_EXERCISE INSTRUCTIONS_
Please print each entry below exactly as it reads.

_STORED DATA_
text \<open>A limit of these contractions along a subsequence has a graph of stable vectors.\<close>

lemma exists_stable_contraction_graph: "\<exists>T::complex^'n^'n. \<forall>a. stable (from_ccoords a (T *v a))"
proof -
  obtain T :: "nat \<Rightarrow> complex^'n^'n" where
    T: "\<And>k a. norm (T k *v a) \<le> norm a" "\<And>k a. hform ((K^^k) (from_ccoords a (T k *v a))) \<le> 0"
    using exists_contraction_graph_nonpos by metis
  have "bounded (range T)"
    unfolding bounded_iff using contraction_imp_norm_matrix_le T(1) by blast
  then obtain T\<^sub>0 r where r: "strict_mono r" "(T \<circ> r) \<longlonglongrightarrow> T\<^sub>0"
    using bounded_imp_convergent_subsequence by blast
  have "hform ((K^^j) (from_ccoords a (T\<^sub>0 *v a))) \<le> 0" for a j
  proof (rule LIMSEQ_le_const2)
    have "(\<lambda>m. T (r m) *v a) \<longlonglongrightarrow> T\<^sub>0 *v a"
      using r(2) unfolding matrix_vector_mult_def o_def by (intro tendsto_intros)
    then have "(\<lambda>m. from_ccoords a (T (r m) *v a)) \<longlonglongrightarrow> from_ccoords a (T\<^sub>0 *v a)"
      by (rule from_ccoords_tendsto)
    then show "(\<lambda>m. hform ((K^^j) (from_ccoords a (T (r m) *v a))))
        \<longlonglongrightarrow> hform ((K^^j) (from_ccoords a (T\<^sub>0 *v a)))"
      by (intro hform_tendsto bounded_linear.tendsto[OF vec_linear_bounded_linear[OF vec_linear_iterate]])
    show "\<exists>N. \<forall>m\<ge>N. hform ((K^^j) (from_ccoords a (T (r m) *v a))) \<le> 0"
    proof (intro exI allI impI)
      fix m assume "j \<le> m"
      then have "j \<le> r m" using seq_suble[OF r(1), of m] by simp
      then show "hform ((K^^j) (from_ccoords a (T (r m) *v a))) \<le> 0"
        using hform_orbit_mono T(2) order_trans by blast
    qed
  qed
  then show ?thesis using hform_orbit_nonpos_imp_stable by blast
qed

text \<open>The stable vectors are isotropic, so their graph over the \<open>x\<close>-coordinates is the graph of
  a symmetric matrix.\<close>

lemma exists_stable_graph:
  "\<exists>G::complex^'n^'n. transpose G = G \<and> (\<forall>y. stable (join y (G *v y)))"
proof -
  obtain T :: "complex^'n^'n" where st: "\<And>a. stable (from_ccoords a (T *v a))"
    using exists_stable_contraction_graph by blast
  define X where "X a = x_part (from_ccoords a (T *v a))" for a
  have lX: "vec_linear X"
    unfolding X_def by (intro vec_linear_compose[OF vec_linear_x_part] vec_linear_from_ccoords_graph) simp
  have "a = 0" if "X a = 0" for a
  proof -
    have "from_ccoords a (T *v a) = 0"
      using hform_x_part_zero[OF that[unfolded X_def]] hform_stable_neg[OF st] by fastforce
    then show "a = 0" by (metis ccoord_plus_from_ccoords vec.linear_0[OF vec_linear_ccoord_plus])
  qed
  then obtain g where g: "\<And>y. X (g y) = y" and lg: "vec_linear g"
    using vec_linear_bij[OF lX] vec.linear_inj_iff_eq_0[OF lX] by metis
  define Z where "Z y = from_ccoords (g y) (T *v g y)" for y
  define G where "G = matrix (\<lambda>y. xi_part (Z y))"
  have "vec_linear (\<lambda>y. xi_part (Z y))" unfolding Z_def
    by (intro vec_linear_compose[OF vec_linear_xi_part]
        vec_linear_compose[OF vec_linear_from_ccoords_graph lg]) simp
  moreover have "x_part (Z y) = y" for y using g[of y] by (simp add: X_def Z_def)
  ultimately have GZ: "join y (G *v y) = Z y" for y
    unfolding G_def by (metis matrix_works join_x_part_xi_part)
  then have stG: "stable (join y (G *v y))" for y by (simp add: Z_def st)
  have "G $ j $ i = G $ i $ j" for i j
    using symp_form_stable[OF stG stG, of "axis i 1" "axis j 1"]
    by (simp add: symp_form_join_axis matrix_vector_mult_axis_nth)
  then have "transpose G = G" by (simp add: transpose_def vec_eq_iff)
  with stG show ?thesis by blast
qed

lemma exists_negative_isotropic_graph:
  assumes "vec_linear L" "\<And>z. L (K z) = K (L z)"
  shows "\<exists>G::complex^'n^'n. transpose G = G \<and> (\<forall>y. y \<noteq> 0 \<longrightarrow> hform (join y (G *v y)) < 0)
     \<and> (\<forall>y w. symp_form (join y (G *v y)) (L (join w (G *v w))) = 0)"
proof -
  obtain G :: "complex^'n^'n" where G: "transpose G = G" "\<And>y. stable (join y (G *v y))"
    using exists_stable_graph by blast
  have "hform (join y (G *v y)) < 0" if "y \<noteq> 0" for y
    using hform_stable_neg[OF G(2)] that join_eq_0_iff by blast
  moreover have "symp_form (join y (G *v y)) (L (join w (G *v w))) = 0" for y w
    by (intro symp_form_stable G(2) stable_commuting_image[OF assms])
  ultimately show ?thesis using G(1) by blast
qed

_REPLY TO THE EXERCISE_
text \<open>A limit of these contractions along a subsequence has a graph of stable vectors.\<close>

lemma exists_stable_contraction_graph: "\<exists>T::complex^'n^'n. \<forall>a. stable (from_ccoords a (T *v a))"
proof -
  obtain T :: "nat \<Rightarrow> complex^'n^'n" where
    T: "\<And>k a. norm (T k *v a) \<le> norm a" "\<And>k a. hform ((K^^k) (from_ccoords a (T k *v a))) \<le> 0"
    using exists_contraction_graph_nonpos by metis
  have "bounded (range T)"
    unfolding bounded_iff using contraction_imp_norm_matrix_le T(1) by blast
  then obtain T\<^sub>0 r where r: "strict_mono r" "(T \<circ> r) \<longlonglongrightarrow> T\<^sub>0"
    using bounded_imp_convergent_subsequence by blast
  have "hform ((K^^j) (from_ccoords a (T\<^sub>0 *v a))) \<le> 0" for a j
  proof (rule LIMSEQ_le_const2)
    have "(\<lambda>m. T (r m) *v a) \<longlonglongrightarrow> T\<^sub>0 *v a"
      using r(2) unfolding matrix_vector_mult_def o_def by (intro tendsto_intros)
    then have "(\<lambda>m. from_ccoords a (T (r m) *v a)) \<longlonglongrightarrow> from_ccoords a (T\<^sub>0 *v a)"
      by (rule from_ccoords_tendsto)
    then show "(\<lambda>m. hform ((K^^j) (from_ccoords a (T (r m) *v a))))
        \<longlonglongrightarrow> hform ((K^^j) (from_ccoords a (T\<^sub>0 *v a)))"
      by (intro hform_tendsto bounded_linear.tendsto[OF vec_linear_bounded_linear[OF vec_linear_iterate]])
    show "\<exists>N. \<forall>m\<ge>N. hform ((K^^j) (from_ccoords a (T (r m) *v a))) \<le> 0"
    proof (intro exI allI impI)
      fix m assume "j \<le> m"
      then have "j \<le> r m" using seq_suble[OF r(1), of m] by simp
      then show "hform ((K^^j) (from_ccoords a (T (r m) *v a))) \<le> 0"
        using hform_orbit_mono T(2) order_trans by blast
    qed
  qed
  then show ?thesis using hform_orbit_nonpos_imp_stable by blast
qed

text \<open>The stable vectors are isotropic, so their graph over the \<open>x\<close>-coordinates is the graph of
  a symmetric matrix.\<close>

lemma exists_stable_graph:
  "\<exists>G::complex^'n^'n. transpose G = G \<and> (\<forall>y. stable (join y (G *v y)))"
proof -
  obtain T :: "complex^'n^'n" where st: "\<And>a. stable (from_ccoords a (T *v a))"
    using exists_stable_contraction_graph by blast
  define X where "X a = x_part (from_ccoords a (T *v a))" for a
  have lX: "vec_linear X"
    unfolding X_def by (intro vec_linear_compose[OF vec_linear_x_part] vec_linear_from_ccoords_graph) simp
  have "a = 0" if "X a = 0" for a
  proof -
    have "from_ccoords a (T *v a) = 0"
      using hform_x_part_zero[OF that[unfolded X_def]] hform_stable_neg[OF st] by fastforce
    then show "a = 0" by (metis ccoord_plus_from_ccoords vec.linear_0[OF vec_linear_ccoord_plus])
  qed
  then obtain g where g: "\<And>y. X (g y) = y" and lg: "vec_linear g"
    using vec_linear_bij[OF lX] vec.linear_inj_iff_eq_0[OF lX] by metis
  define Z where "Z y = from_ccoords (g y) (T *v g y)" for y
  define G where "G = matrix (\<lambda>y. xi_part (Z y))"
  have "vec_linear (\<lambda>y. xi_part (Z y))" unfolding Z_def
    by (intro vec_linear_compose[OF vec_linear_xi_part]
        vec_linear_compose[OF vec_linear_from_ccoords_graph lg]) simp
  moreover have "x_part (Z y) = y" for y using g[of y] by (simp add: X_def Z_def)
  ultimately have GZ: "join y (G *v y) = Z y" for y
    unfolding G_def by (metis matrix_works join_x_part_xi_part)
  then have stG: "stable (join y (G *v y))" for y by (simp add: Z_def st)
  have "G $ j $ i = G $ i $ j" for i j
    using symp_form_stable[OF stG stG, of "axis i 1" "axis j 1"]
    by (simp add: symp_form_join_axis matrix_vector_mult_axis_nth)
  then have "transpose G = G" by (simp add: transpose_def vec_eq_iff)
  with stG show ?thesis by blast
qed

lemma exists_negative_isotropic_graph:
  assumes "vec_linear L" "\<And>z. L (K z) = K (L z)"
  shows "\<exists>G::complex^'n^'n. transpose G = G \<and> (\<forall>y. y \<noteq> 0 \<longrightarrow> hform (join y (G *v y)) < 0)
     \<and> (\<forall>y w. symp_form (join y (G *v y)) (L (join w (G *v w))) = 0)"
proof -
  obtain G :: "complex^'n^'n" where G: "transpose G = G" "\<And>y. stable (join y (G *v y))"
    using exists_stable_graph by blast
  have "hform (join y (G *v y)) < 0" if "y \<noteq> 0" for y
    using hform_stable_neg[OF G(2)] that join_eq_0_iff by blast
  moreover have "symp_form (join y (G *v y)) (L (join w (G *v w))) = 0" for y w
    by (intro symp_form_stable G(2) stable_commuting_image[OF assms])
  ultimately show ?thesis using G(1) by blast
qed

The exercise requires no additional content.